Which lines of the entries contain the word "subseteq"? Please list them.

## Data supplied:
□ □ □
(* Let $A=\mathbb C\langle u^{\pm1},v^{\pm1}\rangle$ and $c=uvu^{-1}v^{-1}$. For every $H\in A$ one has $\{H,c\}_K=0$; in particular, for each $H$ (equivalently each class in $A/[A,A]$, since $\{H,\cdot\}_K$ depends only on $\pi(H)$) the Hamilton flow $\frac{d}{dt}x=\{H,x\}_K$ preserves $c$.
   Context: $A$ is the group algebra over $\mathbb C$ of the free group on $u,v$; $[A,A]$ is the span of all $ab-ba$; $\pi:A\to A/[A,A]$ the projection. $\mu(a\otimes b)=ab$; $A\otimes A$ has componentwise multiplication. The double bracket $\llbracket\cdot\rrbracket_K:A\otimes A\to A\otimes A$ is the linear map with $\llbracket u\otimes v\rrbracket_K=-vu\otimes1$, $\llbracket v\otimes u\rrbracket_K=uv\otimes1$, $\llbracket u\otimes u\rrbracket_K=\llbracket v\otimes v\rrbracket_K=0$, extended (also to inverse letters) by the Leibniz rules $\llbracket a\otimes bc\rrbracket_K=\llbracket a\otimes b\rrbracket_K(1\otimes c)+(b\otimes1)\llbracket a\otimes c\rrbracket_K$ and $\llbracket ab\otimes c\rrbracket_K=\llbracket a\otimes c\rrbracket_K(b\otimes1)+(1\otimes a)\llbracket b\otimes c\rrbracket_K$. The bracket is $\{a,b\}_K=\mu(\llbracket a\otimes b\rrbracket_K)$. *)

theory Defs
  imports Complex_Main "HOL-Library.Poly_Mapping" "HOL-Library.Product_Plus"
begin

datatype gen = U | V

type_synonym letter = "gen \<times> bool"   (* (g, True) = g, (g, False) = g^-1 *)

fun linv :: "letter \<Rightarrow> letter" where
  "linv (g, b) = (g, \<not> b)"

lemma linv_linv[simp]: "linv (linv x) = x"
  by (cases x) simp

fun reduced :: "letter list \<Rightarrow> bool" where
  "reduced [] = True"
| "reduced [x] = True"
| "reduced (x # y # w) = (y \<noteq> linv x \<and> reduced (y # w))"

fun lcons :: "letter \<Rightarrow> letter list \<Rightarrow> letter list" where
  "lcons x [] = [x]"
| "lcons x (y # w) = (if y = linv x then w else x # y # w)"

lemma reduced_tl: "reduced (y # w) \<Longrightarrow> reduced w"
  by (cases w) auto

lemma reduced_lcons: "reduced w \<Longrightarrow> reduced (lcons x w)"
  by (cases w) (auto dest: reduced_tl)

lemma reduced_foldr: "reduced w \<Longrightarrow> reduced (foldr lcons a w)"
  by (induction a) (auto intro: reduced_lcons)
□ □ □
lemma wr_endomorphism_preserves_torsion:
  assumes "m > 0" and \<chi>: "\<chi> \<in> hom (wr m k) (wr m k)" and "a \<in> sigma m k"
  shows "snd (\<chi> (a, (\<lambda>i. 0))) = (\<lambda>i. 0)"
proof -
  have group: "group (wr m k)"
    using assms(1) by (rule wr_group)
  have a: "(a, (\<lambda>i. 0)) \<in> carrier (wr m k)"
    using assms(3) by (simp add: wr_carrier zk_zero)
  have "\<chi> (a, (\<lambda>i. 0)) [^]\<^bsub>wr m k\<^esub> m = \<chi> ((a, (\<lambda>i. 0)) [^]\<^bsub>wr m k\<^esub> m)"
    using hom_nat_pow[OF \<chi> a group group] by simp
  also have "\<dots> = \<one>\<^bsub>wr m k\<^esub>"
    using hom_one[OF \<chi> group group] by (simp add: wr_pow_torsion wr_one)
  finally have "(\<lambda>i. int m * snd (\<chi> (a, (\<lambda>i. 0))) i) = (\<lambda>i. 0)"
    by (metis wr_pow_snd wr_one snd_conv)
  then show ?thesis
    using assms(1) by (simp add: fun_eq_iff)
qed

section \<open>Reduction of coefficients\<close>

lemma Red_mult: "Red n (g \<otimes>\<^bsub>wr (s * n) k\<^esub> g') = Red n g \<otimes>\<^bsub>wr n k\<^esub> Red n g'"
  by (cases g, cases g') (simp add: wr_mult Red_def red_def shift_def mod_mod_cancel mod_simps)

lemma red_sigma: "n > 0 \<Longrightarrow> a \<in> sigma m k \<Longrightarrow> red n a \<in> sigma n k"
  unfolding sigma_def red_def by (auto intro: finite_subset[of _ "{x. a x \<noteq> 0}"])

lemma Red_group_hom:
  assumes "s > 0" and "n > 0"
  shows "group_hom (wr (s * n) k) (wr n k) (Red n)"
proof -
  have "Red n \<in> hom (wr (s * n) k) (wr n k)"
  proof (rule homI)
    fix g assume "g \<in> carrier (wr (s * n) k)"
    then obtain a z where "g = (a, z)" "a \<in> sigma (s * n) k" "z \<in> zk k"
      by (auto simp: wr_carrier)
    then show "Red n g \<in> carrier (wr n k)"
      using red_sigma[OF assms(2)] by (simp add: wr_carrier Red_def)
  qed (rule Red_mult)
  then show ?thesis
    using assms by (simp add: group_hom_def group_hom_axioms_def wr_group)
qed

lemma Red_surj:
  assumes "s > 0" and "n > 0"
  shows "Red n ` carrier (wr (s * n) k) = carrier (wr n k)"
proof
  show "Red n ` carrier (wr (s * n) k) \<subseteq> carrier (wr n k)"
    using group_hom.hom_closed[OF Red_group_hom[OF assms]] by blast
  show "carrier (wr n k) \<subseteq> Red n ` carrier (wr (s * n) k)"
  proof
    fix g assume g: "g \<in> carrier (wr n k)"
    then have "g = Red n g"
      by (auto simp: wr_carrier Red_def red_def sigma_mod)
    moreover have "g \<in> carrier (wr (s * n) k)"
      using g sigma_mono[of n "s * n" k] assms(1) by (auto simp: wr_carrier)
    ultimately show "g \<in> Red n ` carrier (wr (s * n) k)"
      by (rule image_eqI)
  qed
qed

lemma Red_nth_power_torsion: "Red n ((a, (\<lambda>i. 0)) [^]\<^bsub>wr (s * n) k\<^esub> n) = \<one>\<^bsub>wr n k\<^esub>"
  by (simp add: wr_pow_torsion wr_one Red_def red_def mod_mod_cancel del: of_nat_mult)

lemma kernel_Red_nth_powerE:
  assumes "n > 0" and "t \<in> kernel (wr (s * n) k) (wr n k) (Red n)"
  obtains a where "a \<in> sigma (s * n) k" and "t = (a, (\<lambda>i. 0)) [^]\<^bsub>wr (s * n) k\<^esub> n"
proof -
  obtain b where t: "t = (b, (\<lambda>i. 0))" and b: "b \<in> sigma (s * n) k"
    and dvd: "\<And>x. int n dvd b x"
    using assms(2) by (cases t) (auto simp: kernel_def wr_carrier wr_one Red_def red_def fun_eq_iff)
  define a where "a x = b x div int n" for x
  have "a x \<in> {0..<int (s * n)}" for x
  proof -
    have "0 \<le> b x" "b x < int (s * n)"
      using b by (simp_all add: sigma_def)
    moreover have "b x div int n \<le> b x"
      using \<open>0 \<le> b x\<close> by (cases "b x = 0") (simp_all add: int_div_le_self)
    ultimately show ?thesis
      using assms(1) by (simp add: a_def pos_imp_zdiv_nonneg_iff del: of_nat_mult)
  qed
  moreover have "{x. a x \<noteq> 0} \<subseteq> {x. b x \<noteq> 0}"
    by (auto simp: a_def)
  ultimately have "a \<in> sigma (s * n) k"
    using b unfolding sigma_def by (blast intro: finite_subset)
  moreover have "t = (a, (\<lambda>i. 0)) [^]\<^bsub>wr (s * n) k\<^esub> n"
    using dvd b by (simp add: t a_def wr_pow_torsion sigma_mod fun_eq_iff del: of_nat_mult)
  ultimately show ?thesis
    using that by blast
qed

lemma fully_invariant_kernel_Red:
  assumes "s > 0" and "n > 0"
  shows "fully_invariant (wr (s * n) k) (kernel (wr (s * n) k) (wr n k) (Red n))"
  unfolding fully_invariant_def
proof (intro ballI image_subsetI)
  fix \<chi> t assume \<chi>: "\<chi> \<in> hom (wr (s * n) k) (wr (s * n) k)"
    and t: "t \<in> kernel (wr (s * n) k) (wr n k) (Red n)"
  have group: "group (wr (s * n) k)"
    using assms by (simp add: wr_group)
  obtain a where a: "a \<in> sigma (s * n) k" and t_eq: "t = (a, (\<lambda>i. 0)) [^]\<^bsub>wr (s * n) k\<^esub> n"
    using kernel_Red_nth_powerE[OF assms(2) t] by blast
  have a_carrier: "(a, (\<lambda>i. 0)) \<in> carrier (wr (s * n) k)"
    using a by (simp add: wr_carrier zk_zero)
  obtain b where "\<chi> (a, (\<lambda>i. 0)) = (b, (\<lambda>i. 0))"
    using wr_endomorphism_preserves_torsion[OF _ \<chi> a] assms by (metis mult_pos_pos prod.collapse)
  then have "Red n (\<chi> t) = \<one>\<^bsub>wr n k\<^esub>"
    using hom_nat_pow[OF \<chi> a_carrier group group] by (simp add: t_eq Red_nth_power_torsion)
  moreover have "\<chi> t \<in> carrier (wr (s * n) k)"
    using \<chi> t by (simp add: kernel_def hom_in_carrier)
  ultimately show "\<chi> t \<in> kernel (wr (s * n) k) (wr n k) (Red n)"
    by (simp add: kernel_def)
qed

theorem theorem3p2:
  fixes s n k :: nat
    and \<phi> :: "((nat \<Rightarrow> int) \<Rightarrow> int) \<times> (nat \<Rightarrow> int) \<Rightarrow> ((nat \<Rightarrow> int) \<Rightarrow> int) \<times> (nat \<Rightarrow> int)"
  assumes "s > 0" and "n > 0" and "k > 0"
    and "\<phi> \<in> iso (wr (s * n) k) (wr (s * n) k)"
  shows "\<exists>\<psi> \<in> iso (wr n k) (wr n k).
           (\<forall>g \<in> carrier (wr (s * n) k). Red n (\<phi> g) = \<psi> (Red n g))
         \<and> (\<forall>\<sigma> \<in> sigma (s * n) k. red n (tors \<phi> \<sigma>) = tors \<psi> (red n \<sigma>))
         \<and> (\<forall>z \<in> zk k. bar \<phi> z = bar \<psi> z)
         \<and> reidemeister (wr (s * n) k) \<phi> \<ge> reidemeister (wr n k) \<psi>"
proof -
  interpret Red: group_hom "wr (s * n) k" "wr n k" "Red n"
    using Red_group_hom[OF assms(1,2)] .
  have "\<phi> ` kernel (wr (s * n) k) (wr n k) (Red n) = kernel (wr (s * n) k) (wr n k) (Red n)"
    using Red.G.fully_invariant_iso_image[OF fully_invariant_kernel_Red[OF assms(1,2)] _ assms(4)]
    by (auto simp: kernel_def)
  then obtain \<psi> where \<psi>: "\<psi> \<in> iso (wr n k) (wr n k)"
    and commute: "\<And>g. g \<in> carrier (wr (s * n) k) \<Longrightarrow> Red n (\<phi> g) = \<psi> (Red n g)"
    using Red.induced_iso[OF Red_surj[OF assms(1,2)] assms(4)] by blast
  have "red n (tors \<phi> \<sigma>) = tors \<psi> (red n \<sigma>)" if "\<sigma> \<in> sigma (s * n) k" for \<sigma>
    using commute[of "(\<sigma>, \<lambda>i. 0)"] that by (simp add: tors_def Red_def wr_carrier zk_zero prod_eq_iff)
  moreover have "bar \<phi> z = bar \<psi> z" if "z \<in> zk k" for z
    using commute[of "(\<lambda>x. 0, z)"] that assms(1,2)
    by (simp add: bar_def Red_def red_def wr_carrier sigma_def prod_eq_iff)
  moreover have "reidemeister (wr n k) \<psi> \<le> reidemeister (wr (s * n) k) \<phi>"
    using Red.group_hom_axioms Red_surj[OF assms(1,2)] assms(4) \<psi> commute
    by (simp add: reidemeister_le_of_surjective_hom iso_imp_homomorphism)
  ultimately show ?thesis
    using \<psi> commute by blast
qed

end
□ □ □
## Task solution:
  show "Red n ` carrier (wr (s * n) k) \<subseteq> carrier (wr n k)"
  show "carrier (wr n k) \<subseteq> Red n ` carrier (wr (s * n) k)"
  moreover have "{x. a x \<noteq> 0} \<subseteq> {x. b x \<noteq> 0}"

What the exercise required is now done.